Два обглоданных рыбьих скелета – две стремянки – высятся в залитой солнцем комнате. На одной – тазик вверху, сияет празднично, на другой белеет, как одинокий парус, бутылка с молоком. Внизу сидят на стремяночных ступеньках друг против друга товарищ юности в вельветовых брючках и рыжий детина в синем комбинезоне. На полу между металлических ножек – доска с фишками.

– Приветствую, – вскидывает диалектик руку, – мастеров скрэбла!

Дизайнер пружинисто подымается.

– «Стяг», – бросает напарнику, гостю же протягивает маленькую вялую ручку. «Что случилось?» – вопрошает взгляд.

Профессор берет товарища юности за локоток в замше (замша тонка, мягка: чудо – выделка!), а человека в комбинезоне одаривает улыбкой.

– Не рассердитесь, если на секунду умыкну вашего соперника?

Вдохновенный игрок не слышит вопроса.

– «Иммунитет», – делает ответный ход. – С двумя «эм».

– «Макрель», – парирует Дизайнер. – С одним «эм»… Беру, – объявляет, – тайм-аут. – И тихонько увлекает приятеля из стремяночной. – То Сережа, специалист по холодильным установкам… Вот этим как раз, – барабанит костяшками пальцев по витринам, которые гулко отзываются пустотой, солнцем и будущим инеем. Сам же продолжает пытливо всматриваться.

Посланник смиренно информирует, что приглашен на день рождения.

– К ректору? «Макрель» с одним «эм»…

– Ректор перебьется, – не принимает вызова миролюбивый атташе. – Сегодня пятьдесят лет Три-а.

Замшевые, под цвет курточки, брови лезут вверх. Подпрыгивает, садится на выступающий край витрины, ножками болтает.

– Тра-та-та, – поет. – Тра-та-та…

– Тра-та-та, – соглашается Посланник.

Ножки замирают.

– Но ведь они приехали уже. Звонили утром.
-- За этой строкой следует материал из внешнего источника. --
(* Let $(M,H,g)$ be a 3-dimensional ts-oriented contact sub-Lorentzian manifold and $p\in M$. Then there is an oriented orthonormal frame $(X_1,X_2)$ near $p$ such that the matrix $h$ at $p$ takes one of the following forms: (1) if $\det h(p)=0$: $h(p)\in\left\{\begin{pmatrix}0&0\\0&0\end{pmatrix},\begin{pmatrix}1&\pm1\\ \mp1&-1\end{pmatrix},\begin{pmatrix}-1&\pm1\\ \mp1&1\end{pmatrix}\right\}$; (2) if $\det h(p)>0$: $h(p)=\begin{pmatrix}0&\chi\\-\chi&0\end{pmatrix}$ for some $\chi\neq0$; (3) if $\det h(p)<0$: $h(p)=\begin{pmatrix}\chi&0\\0&-\chi\end{pmatrix}$ for some $\chi\ne0$. Moreover, if $h(p)\neq0$, the value of such a frame at $p$ is unique.
   Context: An oriented orthonormal frame is a local frame $(X_1,X_2)$ of $H$ with $g(X_1,X_1)=-1$, $g(X_1,X_2)=0$, $g(X_2,X_2)=1$, compatible with the time and space orientations; any two differ by $(X_1',X_2')=(\cosh t\,X_1+\sinh t\,X_2,\ \sinh t\,X_1+\cosh t\,X_2)$. With $\eta$ the contact form vanishing on $H$ and $\eta([X_2,X_1])=1$, $X_3$ is defined by $\eta(X_3)=-1$, $X_3\lrcorner d\eta=0$, and the structure functions by $[X_1,X_3]=cX_1+c^2_{13}X_2$, $[X_2,X_3]=c^1_{23}X_1-cX_2$, $[X_1,X_2]=c^1_{12}X_1+c^2_{12}X_2+X_3$. The matrix $h$ (computed in a given frame) is $h=\begin{pmatrix}c&\frac{c^2_{13}-c^1_{23}}2\\ \frac{c^1_{23}-c^2_{13}}2&-c\end{pmatrix}$; under change of frame it changes by conjugation by an element of $SO^+_{1,1}(\mathbb{R})=\{\begin{psmallmatrix}\cosh t&\sinh t\\ \sinh t&\cosh t\end{psmallmatrix}\}$. *)

theory Defs
  imports "HOL-Analysis.Analysis"
begin

text \<open>Local model: a neighbourhood of p in the 3-manifold is an open set U of real^3
  (a chart). Vector fields are maps real^3 => real^3.\<close>

type_synonym R3 = "real^3"

fun iterD :: "R3 list \<Rightarrow> (R3 \<Rightarrow> 'a::real_normed_vector) \<Rightarrow> R3 \<Rightarrow> 'a" where
  "iterD [] f = f"
| "iterD (v # vs) f = (\<lambda>x. frechet_derivative (iterD vs f) (at x) v)"

definition smooth_on :: "R3 set \<Rightarrow> (R3 \<Rightarrow> 'a::real_normed_vector) \<Rightarrow> bool" where
  "smooth_on U f \<longleftrightarrow> (\<forall>vs x. x \<in> U \<longrightarrow> iterD vs f differentiable (at x))"
(* Fix $\tau>0$. For $n\ge1$ let $W_n$ be an $n\times n$ matrix of independent $\mathcal N(0,1)$ entries, and let $\Gamma_k(\tau,n)$ be the number of $k\times k$ submatrices $U$ of $W_n$ (row set and column set arbitrary $k$-subsets of $\{1,\dots,n\}$) whose entry average $F(U)$ satisfies $F(U)\ge\tau$. When $k$ is sufficiently large, for every integer $n$ satisfying \[ k\le\frac{4}{\tau^2}\ln n-\frac{4}{\tau^2}\ln\!\left(\frac{4}{\tau^2}\ln n\right)-\frac{12\ln2}{\tau^2}, \] we have \[ \frac{\operatorname{Var}\Gamma_k(\tau,n)}{(E\,\Gamma_k(\tau,n))^2}\le k^{-2}. \] *)

theory Defs
  imports "HOL-Probability.Probability"
begin

definition gauss_matrix :: "nat \<Rightarrow> ((nat \<times> nat) \<Rightarrow> real) measure" where
  "gauss_matrix n = PiM ({..<n} \<times> {..<n}) (\<lambda>_. density lborel std_normal_density)"

definition sub_avg :: "((nat \<times> nat) \<Rightarrow> real) \<Rightarrow> nat set \<Rightarrow> nat set \<Rightarrow> real" where
  "sub_avg W R C = (\<Sum>i\<in>R. \<Sum>j\<in>C. W (i, j)) / (real (card R) * real (card C))"

definition Gamma :: "nat \<Rightarrow> real \<Rightarrow> nat \<Rightarrow> ((nat \<times> nat) \<Rightarrow> real) \<Rightarrow> nat" where
  "Gamma k \<tau> n W = card {(R, C). R \<subseteq> {..<n} \<and> card R = k \<and> C \<subseteq> {..<n} \<and> card C = k
                                \<and> sub_avg W R C \<ge> \<tau>}"
lemma net_layers_Suc_bounds:
  assumes k: "k < L" and i: "1 \<le> i" "i \<le> l (Suc k)" and B: "1 \<le> B" and D: "0 \<le> D"
    and input: "\<forall>j\<in>{1..l k}. \<bar>layer_input \<theta> l k x j\<bar> \<le> B"
    and input_diff: "\<forall>j\<in>{1..l k}. \<bar>layer_input \<theta> l k x j - layer_input \<phi> l k x j\<bar> \<le> D"
  shows "\<bar>net_layers \<theta> l (Suc k) x i\<bar> \<le> (real (l k) + 1) * (t * B)"
    and "\<bar>net_layers \<theta> l (Suc k) x i - net_layers \<phi> l (Suc k) x i\<bar>
           \<le> (real (l k) + 1) * (\<delta> * B + s * D)"
proof -
  let ?A = "\<lambda>\<psi> u. affine_map \<psi> (param_offset l k) (l (Suc k)) (l k) u i"
  let ?u = "layer_input \<theta> l k x" and ?v = "layer_input \<phi> l k x"
  have block: "{param_offset l k<..param_offset l k + l (Suc k) * l k + l (Suc k)} \<subseteq> {1..param_offset l L}"
    using param_block_subset[OF k, of l] by (simp add: param_offset_Suc)
  have "\<bar>?A \<theta> ?u\<bar> \<le> t * (real (l k) * B + 1)"
    using abs_affine_map_le[OF i input] \<theta>_bound block by blast
  also have "\<dots> \<le> (real (l k) + 1) * (t * B)"
    using mult_left_mono[OF B nonneg(1)] by (simp add: algebra_simps)
  finally show "\<bar>net_layers \<theta> l (Suc k) x i\<bar> \<le> (real (l k) + 1) * (t * B)"
    by (simp only: net_layers_Suc_layer_input)
  have "\<forall>p\<in>{param_offset l k<..param_offset l k + l (Suc k) * l k + l (Suc k)}.
      \<bar>\<theta> p - \<phi> p\<bar> \<le> \<delta>"
    using diff_bound block by blast
  from abs_affine_map_le[OF i input this]
  have "\<bar>?A \<theta> ?u - ?A \<phi> ?u\<bar> \<le> \<delta> * (real (l k) * B + 1)"
    by (simp only: affine_map_diff_params)
  moreover have "\<bar>?A \<phi> ?u - ?A \<phi> ?v\<bar> \<le> real (l k) * (s * D)"
    using abs_affine_map_diff_inputs_le[OF i input_diff] \<phi>_bound block by blast
  ultimately have "\<bar>?A \<theta> ?u - ?A \<phi> ?v\<bar> \<le> \<delta> * (real (l k) * B + 1) + real (l k) * (s * D)"
    using abs_triangle_ineq[of "?A \<theta> ?u - ?A \<phi> ?u" "?A \<phi> ?u - ?A \<phi> ?v"] by simp
  also have "\<dots> \<le> (real (l k) + 1) * (\<delta> * B + s * D)"
    using mult_left_mono[OF B nonneg(3)] mult_nonneg_nonneg[OF nonneg(2) D]
    by (simp add: algebra_simps)
  finally show "\<bar>net_layers \<theta> l (Suc k) x i - net_layers \<phi> l (Suc k) x i\<bar>
      \<le> (real (l k) + 1) * (\<delta> * B + s * D)"
    by (simp only: net_layers_Suc_layer_input)
qed
(* Let $n\ge2$ and let $X_1,\dots,X_n$ be nonnegative (possibly dependent) random variables with order statistics $X_{1:n}\le\cdots\le X_{n:n}$, and suppose one of the following holds: (A) the distribution function of $X_{n:n}$ has infinite upper endpoint, $X_{n:n}\in\mathrm{GMDA}(h)$ for some positive $h$, and $$\lim_{x\to\infty}\frac{\mathbb{P}(|X_i|>t h(x),X_j>x)}{\mathbb{P}(X_{n:n}>x)}=0\ \text{for all }1\le i\ne j\le n,\ t>0,\qquad(\ast)$$ $$\lim_{x\to\infty}\frac{\mathbb{P}(X_i>Lh(x),X_j>Lh(x))}{\mathbb{P}(X_{n:n}>x)}=0\ \text{for all }1\le i<j\le n\text{ and some }L>0;\qquad(\ast\ast)$$ (B) $X_{n:n}\in\mathcal{L}$ and there exists $h\in\mathcal{H}_{X_{n:n}}$ such that $(\ast)$ and $(\ast\ast)$ hold; (C) $X_{n:n}\in\mathcal{L}\cap\mathcal{D}$ and there exists a dominatedly varying $h\in\mathcal{H}_{X_{n:n}}$ such that $(\ast)$ holds. Then for any $0<a\le b<\infty$ and $0\le d<\infty$, $$\mathbb{P}\Big(\sum_{i=0}^{n-1}c_iX_{n-i:n}>x\Big)\sim\mathbb{P}(c_0X_{n:n}>x)\sim\sum_{i=1}^n\mathbb{P}(c_0X_i>x),\qquad x\to\infty,$$ uniformly for $(c_0,c_1,\dots,c_{n-1})\in[a,b]\times[-d,d]^{n-1}$.
   Context: Random variables are assumed not degenerate at $0$ (not concentrated on $(-\infty,0]$). For a distribution function $F$, $\overline{F}=1-F$, $x_F=\sup\{x:F(x)<1\}$. $F\in\mathrm{GMDA}(h)$ means $\lim_{x\to x_F}\overline{F}(x+yh(x))/\overline{F}(x)=e^{-y}$ for all $y\in\mathbb{R}$. $F\in\mathcal{L}$ means $\overline{F}(x)>0$ for all $x\ge0$ and $\overline{F}(x+y)\sim\overline{F}(x)$ for all $y\in\mathbb{R}$. $F\in\mathcal{D}$ means $\overline{F}$ is dominatedly varying; a positive $g$ is dominatedly varying if $0<\liminf g(xy)/g(x)\le\limsup g(xy)/g(x)<\infty$ as $x\to\infty$ for every $y>0$. For $F\in\mathcal{L}$, $\mathcal{H}_F$ is the set of eventually positive $h$ with $h(x)=o(x)$, $\overline{F}(x+yh(x))\sim\overline{F}(x)$ for all $y\in\mathbb{R}$, and $\limsup_{x\to\infty}h(x+yh(x))/h(x)<\infty$ for all $y\in\mathbb{R}$. "Uniformly" means the suprema over the parameter set of the deviations of the ratios from $1$ tend to $0$. *)

theory Defs
  imports "HOL-Probability.Probability"
begin

definition ordstat :: "nat \<Rightarrow> (nat \<Rightarrow> 'a \<Rightarrow> real) \<Rightarrow> nat \<Rightarrow> 'a \<Rightarrow> real" where
  "ordstat n X k \<omega> = sort (map (\<lambda>i. X i \<omega>) [1..<Suc n]) ! (k - 1)"

definition distF :: "'a measure \<Rightarrow> ('a \<Rightarrow> real) \<Rightarrow> real \<Rightarrow> real" where
  "distF M Y x = measure M {\<omega> \<in> space M. Y \<omega> \<le> x}"

definition upper_endpoint :: "(real \<Rightarrow> real) \<Rightarrow> ereal" where
  "upper_endpoint F = Sup (ereal ` {x. F x < 1})"

definition gmda :: "(real \<Rightarrow> real) \<Rightarrow> (real \<Rightarrow> real) \<Rightarrow> bool" where
  "gmda F h \<longleftrightarrow> (\<forall>y. ((\<lambda>x. (1 - F (x + y * h x)) / (1 - F x)) \<longlongrightarrow> exp (- y))
      (if upper_endpoint F = \<infinity> then at_top else at_left (real_of_ereal (upper_endpoint F))))"

definition longtailed :: "(real \<Rightarrow> real) \<Rightarrow> bool" where
  "longtailed F \<longleftrightarrow> (\<forall>x\<ge>0. 1 - F x > 0) \<and>
     (\<forall>y. ((\<lambda>x. (1 - F (x + y)) / (1 - F x)) \<longlongrightarrow> 1) at_top)"

definition domvar :: "(real \<Rightarrow> real) \<Rightarrow> bool" where
  "domvar g \<longleftrightarrow> eventually (\<lambda>x. g x > 0) at_top \<and>
     (\<forall>y>0. 0 < Liminf at_top (\<lambda>x. ereal (g (x * y) / g x)) \<and>
            Limsup at_top (\<lambda>x. ereal (g (x * y) / g x)) < \<infinity>)"

definition domvar_dist :: "(real \<Rightarrow> real) \<Rightarrow> bool" where
  "domvar_dist F \<longleftrightarrow> domvar (\<lambda>x. 1 - F x)"

definition Hclass :: "(real \<Rightarrow> real) \<Rightarrow> (real \<Rightarrow> real) set" where
  "Hclass F = {h. eventually (\<lambda>x. h x > 0) at_top \<and>
      ((\<lambda>x. h x / x) \<longlongrightarrow> 0) at_top \<and>
      (\<forall>y. ((\<lambda>x. (1 - F (x + y * h x)) / (1 - F x)) \<longlongrightarrow> 1) at_top) \<and>
      (\<forall>y. Limsup at_top (\<lambda>x. ereal (h (x + y * h x) / h x)) < \<infinity>)}"

definition cond_star :: "'a measure \<Rightarrow> nat \<Rightarrow> (nat \<Rightarrow> 'a \<Rightarrow> real) \<Rightarrow> (real \<Rightarrow> real) \<Rightarrow> bool" where
  "cond_star M n X h \<longleftrightarrow> (\<forall>i\<in>{1..n}. \<forall>j\<in>{1..n}. i \<noteq> j \<longrightarrow> (\<forall>t>0.
     ((\<lambda>x. measure M {\<omega> \<in> space M. \<bar>X i \<omega>\<bar> > t * h x \<and> X j \<omega> > x}
          / measure M {\<omega> \<in> space M. ordstat n X n \<omega> > x}) \<longlongrightarrow> 0) at_top))"

definition cond_starstar :: "'a measure \<Rightarrow> nat \<Rightarrow> (nat \<Rightarrow> 'a \<Rightarrow> real) \<Rightarrow> (real \<Rightarrow> real) \<Rightarrow> bool" where
  "cond_starstar M n X h \<longleftrightarrow> (\<exists>L>0. \<forall>i\<in>{1..n}. \<forall>j\<in>{1..n}. i < j \<longrightarrow>
     ((\<lambda>x. measure M {\<omega> \<in> space M. X i \<omega> > L * h x \<and> X j \<omega> > L * h x}
          / measure M {\<omega> \<in> space M. ordstat n X n \<omega> > x}) \<longlongrightarrow> 0) at_top)"

end

theory Submission
  imports Defs
begin

(*
  Write Xmax and Xsec for the largest and the second largest of the X i, and tail y = P(Xmax > y).
  For c in the box, nonnegativity gives |sum_i c i X_(n-i:n) - c 0 Xmax| <= c 0 E Xsec with
  E = d (n - 1) / a, so P(sum > x) lies between P(Xmax - E Xsec > y) and P(Xmax + E Xsec > y) for
  y = x / c 0 >= x / b, and it suffices to show that both are tail y (1 + o(1)).

  By cond_star, P(Xsec > t h(y), Xmax > y) = o(tail y). As tail barely changes when y is shifted
  by a small multiple of h(y), this gives the lower bound, and it gives the upper bound once also
  P(Xmax + E Xsec > y, Xsec > t h(y)) = o(tail y). In cases (A) and (B) the latter follows from
  cond_starstar and the local stability of h; in case (C) from the dominated variation of tail
  and h, because the event forces Xmax > y / (1 + E).

  Finally tail y <= sum_i P(X i > y) <= tail y + sum_(i ~= j) P(X i > y, X j > y), and the double
  sum is o(tail y) by cond_star, since h(y) <= y eventually.
*)

lemma sorted_nth_gt_iff_length_filter:
  fixes ys :: "'b::linorder list"
  assumes "sorted ys" "length ys = n" "1 \<le> k" "k \<le> n"
  shows "x < ys ! (k - 1) \<longleftrightarrow> n - k + 1 \<le> length (filter (\<lambda>v. x < v) ys)"
proof -
  have len: "length (filter (\<lambda>v. x < v) ys) = card {j. j < n \<and> x < ys ! j}"
    using assms(2) by (simp add: length_filter_conv_card)
  have mono: "ys ! i \<le> ys ! j" if "i \<le> j" "j < n" for i j
    using sorted_nth_mono[OF assms(1) that(1)] that assms(2) by simp
  show ?thesis
  proof
    assume "x < ys ! (k - 1)"
    then have "{k - 1..<n} \<subseteq> {j. j < n \<and> x < ys ! j}"
      using mono by (force intro: less_le_trans)
    then have "card {k - 1..<n} \<le> card {j. j < n \<and> x < ys ! j}"
      by (intro card_mono) auto
    then show "n - k + 1 \<le> length (filter (\<lambda>v. x < v) ys)"
      using len assms by simp
  next
    assume count: "n - k + 1 \<le> length (filter (\<lambda>v. x < v) ys)"
    show "x < ys ! (k - 1)"
    proof (rule ccontr)
      assume le: "\<not> x < ys ! (k - 1)"
      have "k \<le> j" if "j < n" "x < ys ! j" for j
      proof (rule ccontr)
        assume "\<not> k \<le> j"
        then have "ys ! j \<le> ys ! (k - 1)" using mono[of j "k - 1"] assms(3,4) by simp
        then show False using that(2) le by simp
      qed
      then have "{j. j < n \<and> x < ys ! j} \<subseteq> {k..<n}" by auto
      then have "card {j. j < n \<and> x < ys ! j} \<le> card {k..<n}"
        by (intro card_mono) auto
      then show False using count len assms by simp
    qed
  qed
qed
– Надеюсь, – улыбается доктор диалектики, – на супругу не попали? Или они звонили из этого телефона? – Показывает на кабину с розовыми рожками.

Дизайнер не реагирует. Поверх кукурузных стеблей глядит, на голую стену, которую еще предстоит расписать салакой и золотыми кальмарами.

– Стрекоза была утром, – делится чистосердечный профессор. – Устраивает вечер памяти… А у меня, – кается, – из головы вон.

Правдив и смиренен. Таким любят его добродетельные коллеги, а я, признаться, не люблю, мне скучно. Куда, право, занятней наблюдать, как охмуряет гаишника (груши! груши были бесподобны), как играет с рвущимся в профессора специалистом по надзору (сорок минут до Ученого совета), как, респектабельный автор, прыгает, к ужасу хозяйственной редакторши, в омут самопожертвования.

– Она кто сейчас? Блондинка?

Доктор в недоумении. В недоумении доктор, но – миг, один только миг, не дольше. У него быстрый ум – не чета моему! – а вот наблюдательность, в которой моя темность не уступает его светлости, дала на сей раз осечку. Хорошо помнит, как наклонялся к крашеным волосам, помнит аромат французских духов – о, Париж! – цвет же, хоть убей, не запечатлился.

– Да вроде бы, – фантазирует, – такая же как всегда.

– Всегда… – По губам художника скользит улыбка. – Она всегда разная.

И тут, к моему, каюсь, удовольствию, джентльмен и диалектик не удержался.

– Тебе, – молвил, – лучше знать.

Друг юности принял удар не поморщившись. Вот только глаза, что высматривали на голой стене золотых кальмаров, немного сузились.

– «Атрибут!» – завопил незримый Комбинезон. – «Атрибут», слышишь?

– Слышу, – тихо ответствовал знаток бывшей триановской жены. А затем гаркнул – да так, что я вздрогнул в своем убежище. – Сдаюсь! Считай бабки!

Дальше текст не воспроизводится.